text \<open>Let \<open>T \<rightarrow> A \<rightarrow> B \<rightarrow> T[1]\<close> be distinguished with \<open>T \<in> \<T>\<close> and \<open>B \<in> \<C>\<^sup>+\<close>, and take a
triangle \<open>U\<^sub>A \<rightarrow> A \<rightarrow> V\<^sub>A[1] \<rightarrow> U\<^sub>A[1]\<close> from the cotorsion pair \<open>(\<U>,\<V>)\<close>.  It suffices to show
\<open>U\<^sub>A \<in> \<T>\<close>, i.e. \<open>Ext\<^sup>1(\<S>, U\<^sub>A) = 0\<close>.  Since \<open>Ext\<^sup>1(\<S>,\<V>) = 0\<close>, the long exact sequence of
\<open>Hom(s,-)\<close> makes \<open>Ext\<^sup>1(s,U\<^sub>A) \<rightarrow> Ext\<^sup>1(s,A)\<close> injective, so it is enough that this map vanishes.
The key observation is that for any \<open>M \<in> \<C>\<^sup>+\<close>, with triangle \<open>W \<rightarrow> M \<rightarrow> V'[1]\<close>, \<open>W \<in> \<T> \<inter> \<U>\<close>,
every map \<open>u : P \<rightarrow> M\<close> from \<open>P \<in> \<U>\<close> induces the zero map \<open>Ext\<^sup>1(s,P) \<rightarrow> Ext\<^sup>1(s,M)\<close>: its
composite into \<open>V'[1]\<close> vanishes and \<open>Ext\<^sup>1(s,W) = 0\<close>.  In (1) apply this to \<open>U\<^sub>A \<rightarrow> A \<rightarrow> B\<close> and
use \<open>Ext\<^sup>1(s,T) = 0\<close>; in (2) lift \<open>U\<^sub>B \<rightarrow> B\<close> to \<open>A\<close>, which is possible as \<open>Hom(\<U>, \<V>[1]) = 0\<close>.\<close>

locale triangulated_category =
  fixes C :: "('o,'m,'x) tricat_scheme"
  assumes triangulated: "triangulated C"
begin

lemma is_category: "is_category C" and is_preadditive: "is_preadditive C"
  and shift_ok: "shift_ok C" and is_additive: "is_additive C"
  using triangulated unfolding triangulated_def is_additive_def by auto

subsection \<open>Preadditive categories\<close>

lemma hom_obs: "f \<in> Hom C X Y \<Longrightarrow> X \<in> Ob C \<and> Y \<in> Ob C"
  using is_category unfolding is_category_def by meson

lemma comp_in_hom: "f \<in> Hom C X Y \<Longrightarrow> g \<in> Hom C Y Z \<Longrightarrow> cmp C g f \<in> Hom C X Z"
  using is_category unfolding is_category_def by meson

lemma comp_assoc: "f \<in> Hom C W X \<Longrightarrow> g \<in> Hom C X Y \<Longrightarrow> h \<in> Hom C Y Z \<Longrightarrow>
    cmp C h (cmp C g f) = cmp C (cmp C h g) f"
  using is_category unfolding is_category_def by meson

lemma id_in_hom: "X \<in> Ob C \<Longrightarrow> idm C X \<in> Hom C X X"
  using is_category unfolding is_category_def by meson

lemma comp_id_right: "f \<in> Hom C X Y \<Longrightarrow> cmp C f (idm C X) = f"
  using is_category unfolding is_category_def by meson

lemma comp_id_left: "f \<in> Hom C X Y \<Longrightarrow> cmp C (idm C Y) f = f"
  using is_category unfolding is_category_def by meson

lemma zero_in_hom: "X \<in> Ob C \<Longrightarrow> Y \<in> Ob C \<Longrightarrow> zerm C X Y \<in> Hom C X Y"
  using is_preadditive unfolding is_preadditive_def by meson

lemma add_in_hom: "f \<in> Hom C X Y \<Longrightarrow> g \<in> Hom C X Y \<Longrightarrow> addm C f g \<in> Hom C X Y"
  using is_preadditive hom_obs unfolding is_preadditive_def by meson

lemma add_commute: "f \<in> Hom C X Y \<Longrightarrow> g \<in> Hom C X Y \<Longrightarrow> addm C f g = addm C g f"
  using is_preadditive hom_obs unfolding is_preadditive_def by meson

+ + + + +

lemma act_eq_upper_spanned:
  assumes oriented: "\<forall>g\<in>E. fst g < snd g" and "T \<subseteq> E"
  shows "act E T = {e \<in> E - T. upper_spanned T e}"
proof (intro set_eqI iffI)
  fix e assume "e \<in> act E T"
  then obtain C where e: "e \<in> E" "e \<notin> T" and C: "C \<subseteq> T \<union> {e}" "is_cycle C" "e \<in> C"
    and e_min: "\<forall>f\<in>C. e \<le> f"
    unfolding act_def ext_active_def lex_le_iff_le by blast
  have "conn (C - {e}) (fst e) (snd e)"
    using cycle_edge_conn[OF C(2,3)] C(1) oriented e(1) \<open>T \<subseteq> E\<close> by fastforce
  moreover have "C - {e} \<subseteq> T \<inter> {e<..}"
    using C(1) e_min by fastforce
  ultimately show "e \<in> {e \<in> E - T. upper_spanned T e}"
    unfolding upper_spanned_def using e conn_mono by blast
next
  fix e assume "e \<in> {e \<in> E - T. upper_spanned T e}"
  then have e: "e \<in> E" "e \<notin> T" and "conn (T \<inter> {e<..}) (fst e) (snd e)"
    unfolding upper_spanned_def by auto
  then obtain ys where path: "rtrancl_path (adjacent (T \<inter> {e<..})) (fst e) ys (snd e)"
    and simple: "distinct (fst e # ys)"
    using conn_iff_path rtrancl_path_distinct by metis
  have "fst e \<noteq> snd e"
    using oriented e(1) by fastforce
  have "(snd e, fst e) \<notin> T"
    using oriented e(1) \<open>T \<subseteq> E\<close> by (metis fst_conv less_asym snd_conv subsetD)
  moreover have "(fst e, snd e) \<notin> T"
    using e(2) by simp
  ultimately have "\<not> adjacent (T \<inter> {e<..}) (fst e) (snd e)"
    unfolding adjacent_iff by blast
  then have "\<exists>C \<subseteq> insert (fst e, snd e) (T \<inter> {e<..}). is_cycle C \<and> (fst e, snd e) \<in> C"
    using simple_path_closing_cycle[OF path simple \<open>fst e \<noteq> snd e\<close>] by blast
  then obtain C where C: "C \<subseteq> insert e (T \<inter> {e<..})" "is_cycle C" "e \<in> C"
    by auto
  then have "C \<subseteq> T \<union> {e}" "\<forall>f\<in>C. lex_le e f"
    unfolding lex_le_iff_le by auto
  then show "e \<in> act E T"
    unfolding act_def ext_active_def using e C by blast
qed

+ + + + +

Exercise aim ->
Please list every line of the records that contains "insert".

Solution below ->
  then have "\<exists>C \<subseteq> insert (fst e, snd e) (T \<inter> {e<..}). is_cycle C \<and> (fst e, snd e) \<in> C"
  then obtain C where C: "C \<subseteq> insert e (T \<inter> {e<..})" "is_cycle C" "e \<in> C"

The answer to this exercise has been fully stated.